=== Begin Enclosure ===

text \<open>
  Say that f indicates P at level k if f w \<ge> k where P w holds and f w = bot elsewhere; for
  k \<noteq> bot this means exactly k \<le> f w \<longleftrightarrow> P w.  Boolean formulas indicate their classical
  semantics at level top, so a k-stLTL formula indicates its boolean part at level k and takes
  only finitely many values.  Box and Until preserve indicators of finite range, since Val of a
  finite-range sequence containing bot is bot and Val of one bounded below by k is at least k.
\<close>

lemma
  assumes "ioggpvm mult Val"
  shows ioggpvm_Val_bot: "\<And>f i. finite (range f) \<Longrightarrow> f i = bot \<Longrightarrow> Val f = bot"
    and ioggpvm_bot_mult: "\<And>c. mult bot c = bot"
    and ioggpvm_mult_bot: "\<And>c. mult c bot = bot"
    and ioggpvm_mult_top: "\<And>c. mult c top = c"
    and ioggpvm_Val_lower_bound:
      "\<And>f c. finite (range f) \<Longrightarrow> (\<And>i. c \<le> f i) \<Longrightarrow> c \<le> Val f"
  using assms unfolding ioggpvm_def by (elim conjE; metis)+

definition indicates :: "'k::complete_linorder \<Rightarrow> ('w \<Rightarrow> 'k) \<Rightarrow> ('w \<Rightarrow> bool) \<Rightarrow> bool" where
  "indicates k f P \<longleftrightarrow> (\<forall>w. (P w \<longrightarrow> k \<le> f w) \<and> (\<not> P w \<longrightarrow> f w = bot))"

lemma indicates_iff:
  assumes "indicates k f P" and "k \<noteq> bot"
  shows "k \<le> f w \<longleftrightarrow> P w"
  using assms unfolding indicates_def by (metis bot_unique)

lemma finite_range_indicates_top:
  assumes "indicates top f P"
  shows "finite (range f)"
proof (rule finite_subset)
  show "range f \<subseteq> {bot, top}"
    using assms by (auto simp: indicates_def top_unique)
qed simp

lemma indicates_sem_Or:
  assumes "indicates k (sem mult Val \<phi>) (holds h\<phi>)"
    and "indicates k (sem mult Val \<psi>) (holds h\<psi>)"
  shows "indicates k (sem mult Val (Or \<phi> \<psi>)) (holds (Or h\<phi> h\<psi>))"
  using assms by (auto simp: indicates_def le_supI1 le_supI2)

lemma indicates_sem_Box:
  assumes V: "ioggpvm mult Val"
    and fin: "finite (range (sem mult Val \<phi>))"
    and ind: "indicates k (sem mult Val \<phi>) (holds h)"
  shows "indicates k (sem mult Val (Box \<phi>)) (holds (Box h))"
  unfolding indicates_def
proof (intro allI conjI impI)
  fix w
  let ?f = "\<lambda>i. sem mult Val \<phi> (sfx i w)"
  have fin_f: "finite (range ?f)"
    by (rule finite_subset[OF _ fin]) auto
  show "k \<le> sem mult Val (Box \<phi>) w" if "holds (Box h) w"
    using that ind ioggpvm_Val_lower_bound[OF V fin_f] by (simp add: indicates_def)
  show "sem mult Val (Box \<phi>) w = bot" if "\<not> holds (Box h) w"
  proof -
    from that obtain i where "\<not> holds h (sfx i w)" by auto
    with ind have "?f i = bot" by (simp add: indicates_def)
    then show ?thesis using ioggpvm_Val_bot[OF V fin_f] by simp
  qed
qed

=== End Enclosure ===

* **Assignment**
From the records above, copy out the line with "('w \<Rightarrow> 'k)", the line with "mult Val (Or", and every line between them, word for word.

* **Solution for this exercise**
definition indicates :: "'k::complete_linorder \<Rightarrow> ('w \<Rightarrow> 'k) \<Rightarrow> ('w \<Rightarrow> bool) \<Rightarrow> bool" where
  "indicates k f P \<longleftrightarrow> (\<forall>w. (P w \<longrightarrow> k \<le> f w) \<and> (\<not> P w \<longrightarrow> f w = bot))"

lemma indicates_iff:
  assumes "indicates k f P" and "k \<noteq> bot"
  shows "k \<le> f w \<longleftrightarrow> P w"
  using assms unfolding indicates_def by (metis bot_unique)

lemma finite_range_indicates_top:
  assumes "indicates top f P"
  shows "finite (range f)"
proof (rule finite_subset)
  show "range f \<subseteq> {bot, top}"
    using assms by (auto simp: indicates_def top_unique)
qed simp

lemma indicates_sem_Or:
  assumes "indicates k (sem mult Val \<phi>) (holds h\<phi>)"
    and "indicates k (sem mult Val \<psi>) (holds h\<psi>)"
  shows "indicates k (sem mult Val (Or \<phi> \<psi>)) (holds (Or h\<phi> h\<psi>))"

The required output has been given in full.